Show each line of the records below where the word "open" occurs.

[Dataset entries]
——

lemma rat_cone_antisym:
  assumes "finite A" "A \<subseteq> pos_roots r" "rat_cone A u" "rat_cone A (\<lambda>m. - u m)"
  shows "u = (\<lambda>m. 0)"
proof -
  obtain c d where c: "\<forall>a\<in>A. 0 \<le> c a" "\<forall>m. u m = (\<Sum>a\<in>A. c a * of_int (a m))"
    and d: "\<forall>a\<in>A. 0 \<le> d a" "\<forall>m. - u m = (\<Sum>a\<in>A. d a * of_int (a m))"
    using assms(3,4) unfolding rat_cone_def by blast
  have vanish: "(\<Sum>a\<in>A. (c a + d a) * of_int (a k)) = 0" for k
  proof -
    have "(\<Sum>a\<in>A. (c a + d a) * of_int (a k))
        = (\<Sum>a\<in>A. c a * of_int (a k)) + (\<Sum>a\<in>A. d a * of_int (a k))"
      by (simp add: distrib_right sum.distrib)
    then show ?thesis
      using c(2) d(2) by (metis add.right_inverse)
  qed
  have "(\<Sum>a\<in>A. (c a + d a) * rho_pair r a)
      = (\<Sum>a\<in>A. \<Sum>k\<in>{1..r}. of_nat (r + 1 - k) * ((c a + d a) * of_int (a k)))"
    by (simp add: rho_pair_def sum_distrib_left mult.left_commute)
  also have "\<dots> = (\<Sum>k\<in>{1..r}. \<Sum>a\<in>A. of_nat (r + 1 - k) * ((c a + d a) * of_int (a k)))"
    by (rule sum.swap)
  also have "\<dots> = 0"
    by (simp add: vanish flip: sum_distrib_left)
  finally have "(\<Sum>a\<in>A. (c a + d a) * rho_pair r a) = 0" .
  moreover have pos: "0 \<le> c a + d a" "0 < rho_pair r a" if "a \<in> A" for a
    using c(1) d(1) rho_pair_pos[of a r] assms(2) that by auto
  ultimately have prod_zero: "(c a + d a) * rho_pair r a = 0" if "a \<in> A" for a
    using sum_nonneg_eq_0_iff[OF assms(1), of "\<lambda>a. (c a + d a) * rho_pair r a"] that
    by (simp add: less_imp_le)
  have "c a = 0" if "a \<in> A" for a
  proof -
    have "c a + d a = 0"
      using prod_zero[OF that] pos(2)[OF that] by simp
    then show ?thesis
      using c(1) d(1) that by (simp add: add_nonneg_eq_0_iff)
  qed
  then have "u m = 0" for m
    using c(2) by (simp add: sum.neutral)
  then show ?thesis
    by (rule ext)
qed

——

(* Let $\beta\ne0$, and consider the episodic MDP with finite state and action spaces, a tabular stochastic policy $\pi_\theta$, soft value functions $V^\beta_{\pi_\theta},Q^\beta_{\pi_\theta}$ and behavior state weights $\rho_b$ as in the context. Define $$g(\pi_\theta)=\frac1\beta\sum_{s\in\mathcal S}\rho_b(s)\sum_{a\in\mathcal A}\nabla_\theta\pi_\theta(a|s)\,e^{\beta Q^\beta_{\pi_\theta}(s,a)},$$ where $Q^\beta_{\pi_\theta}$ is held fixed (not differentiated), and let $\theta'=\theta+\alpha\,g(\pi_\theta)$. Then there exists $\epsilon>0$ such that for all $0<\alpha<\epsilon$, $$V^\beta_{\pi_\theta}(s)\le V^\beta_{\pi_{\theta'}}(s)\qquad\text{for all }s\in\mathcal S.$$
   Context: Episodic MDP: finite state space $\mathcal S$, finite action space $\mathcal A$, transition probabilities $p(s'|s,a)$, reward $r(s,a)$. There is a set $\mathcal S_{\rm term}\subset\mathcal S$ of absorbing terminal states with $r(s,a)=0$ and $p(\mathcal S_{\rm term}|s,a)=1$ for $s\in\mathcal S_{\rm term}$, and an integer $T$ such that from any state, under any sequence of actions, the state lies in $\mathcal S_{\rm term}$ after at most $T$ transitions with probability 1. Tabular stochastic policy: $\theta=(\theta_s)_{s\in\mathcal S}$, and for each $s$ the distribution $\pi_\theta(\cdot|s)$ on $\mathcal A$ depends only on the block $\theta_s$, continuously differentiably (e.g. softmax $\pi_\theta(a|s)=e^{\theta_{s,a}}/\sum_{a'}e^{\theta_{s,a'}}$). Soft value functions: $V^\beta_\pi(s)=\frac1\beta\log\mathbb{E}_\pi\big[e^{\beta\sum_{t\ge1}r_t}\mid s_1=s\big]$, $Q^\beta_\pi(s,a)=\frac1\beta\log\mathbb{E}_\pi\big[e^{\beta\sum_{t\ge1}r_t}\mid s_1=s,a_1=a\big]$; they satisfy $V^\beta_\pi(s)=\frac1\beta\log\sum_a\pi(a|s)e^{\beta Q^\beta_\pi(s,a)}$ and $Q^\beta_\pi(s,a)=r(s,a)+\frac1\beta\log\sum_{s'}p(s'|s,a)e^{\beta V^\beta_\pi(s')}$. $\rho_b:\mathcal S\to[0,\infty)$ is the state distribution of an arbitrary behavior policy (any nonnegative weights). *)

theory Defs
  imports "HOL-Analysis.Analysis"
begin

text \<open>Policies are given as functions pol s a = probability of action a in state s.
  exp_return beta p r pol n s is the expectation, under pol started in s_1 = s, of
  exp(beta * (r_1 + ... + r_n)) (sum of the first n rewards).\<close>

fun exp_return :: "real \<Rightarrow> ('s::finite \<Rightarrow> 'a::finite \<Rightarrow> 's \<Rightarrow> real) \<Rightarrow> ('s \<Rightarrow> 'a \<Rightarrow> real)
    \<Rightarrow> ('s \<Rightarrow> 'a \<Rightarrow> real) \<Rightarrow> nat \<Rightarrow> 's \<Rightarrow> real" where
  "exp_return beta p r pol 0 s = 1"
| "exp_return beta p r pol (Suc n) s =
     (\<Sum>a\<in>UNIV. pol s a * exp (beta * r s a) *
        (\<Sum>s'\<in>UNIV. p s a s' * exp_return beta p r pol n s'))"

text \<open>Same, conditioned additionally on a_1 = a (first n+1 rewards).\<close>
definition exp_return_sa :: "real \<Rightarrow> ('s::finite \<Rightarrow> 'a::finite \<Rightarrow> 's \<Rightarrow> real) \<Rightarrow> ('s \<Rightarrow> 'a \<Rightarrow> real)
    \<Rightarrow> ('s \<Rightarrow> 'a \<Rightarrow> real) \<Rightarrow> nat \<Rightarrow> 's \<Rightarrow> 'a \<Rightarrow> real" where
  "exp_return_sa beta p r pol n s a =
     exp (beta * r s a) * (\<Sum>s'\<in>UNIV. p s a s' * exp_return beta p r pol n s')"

——

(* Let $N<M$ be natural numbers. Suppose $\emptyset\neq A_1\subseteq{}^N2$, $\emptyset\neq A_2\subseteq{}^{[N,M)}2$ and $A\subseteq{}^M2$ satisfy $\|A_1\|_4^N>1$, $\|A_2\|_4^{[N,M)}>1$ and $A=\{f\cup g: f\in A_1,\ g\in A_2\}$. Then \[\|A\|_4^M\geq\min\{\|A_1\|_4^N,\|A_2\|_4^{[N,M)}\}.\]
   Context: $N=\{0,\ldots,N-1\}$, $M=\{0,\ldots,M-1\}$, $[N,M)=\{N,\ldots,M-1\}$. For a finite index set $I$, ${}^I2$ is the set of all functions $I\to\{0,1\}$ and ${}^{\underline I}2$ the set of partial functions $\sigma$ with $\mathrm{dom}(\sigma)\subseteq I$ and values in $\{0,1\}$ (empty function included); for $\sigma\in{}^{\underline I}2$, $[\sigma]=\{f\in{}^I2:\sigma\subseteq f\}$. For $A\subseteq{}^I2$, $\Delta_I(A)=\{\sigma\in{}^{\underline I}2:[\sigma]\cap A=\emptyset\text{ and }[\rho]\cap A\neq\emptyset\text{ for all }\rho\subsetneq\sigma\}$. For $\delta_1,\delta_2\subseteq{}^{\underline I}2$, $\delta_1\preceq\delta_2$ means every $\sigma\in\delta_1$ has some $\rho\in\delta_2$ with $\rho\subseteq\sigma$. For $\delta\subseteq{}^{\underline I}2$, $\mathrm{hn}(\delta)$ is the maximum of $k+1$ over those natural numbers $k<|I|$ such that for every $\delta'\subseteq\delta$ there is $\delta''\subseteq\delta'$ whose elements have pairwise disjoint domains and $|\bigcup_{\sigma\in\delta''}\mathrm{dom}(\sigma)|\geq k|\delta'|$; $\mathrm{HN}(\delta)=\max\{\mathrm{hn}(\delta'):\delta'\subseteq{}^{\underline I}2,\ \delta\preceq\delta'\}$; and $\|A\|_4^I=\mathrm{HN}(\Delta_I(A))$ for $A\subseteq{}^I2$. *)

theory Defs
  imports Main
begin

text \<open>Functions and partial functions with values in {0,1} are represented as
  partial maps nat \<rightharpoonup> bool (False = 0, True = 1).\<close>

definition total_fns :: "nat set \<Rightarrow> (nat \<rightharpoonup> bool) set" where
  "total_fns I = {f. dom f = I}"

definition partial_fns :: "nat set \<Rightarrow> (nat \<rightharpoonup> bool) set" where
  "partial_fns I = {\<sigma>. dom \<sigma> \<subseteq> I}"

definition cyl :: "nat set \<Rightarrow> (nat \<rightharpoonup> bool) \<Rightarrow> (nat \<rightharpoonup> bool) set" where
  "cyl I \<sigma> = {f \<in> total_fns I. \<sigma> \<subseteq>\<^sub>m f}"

——

- **Task result**:
text \<open>Policies are given as functions pol s a = probability of action a in state s.
text \<open>Same, conditioned additionally on a_1 = a (first n+1 rewards).\<close>
text \<open>Functions and partial functions with values in {0,1} are represented as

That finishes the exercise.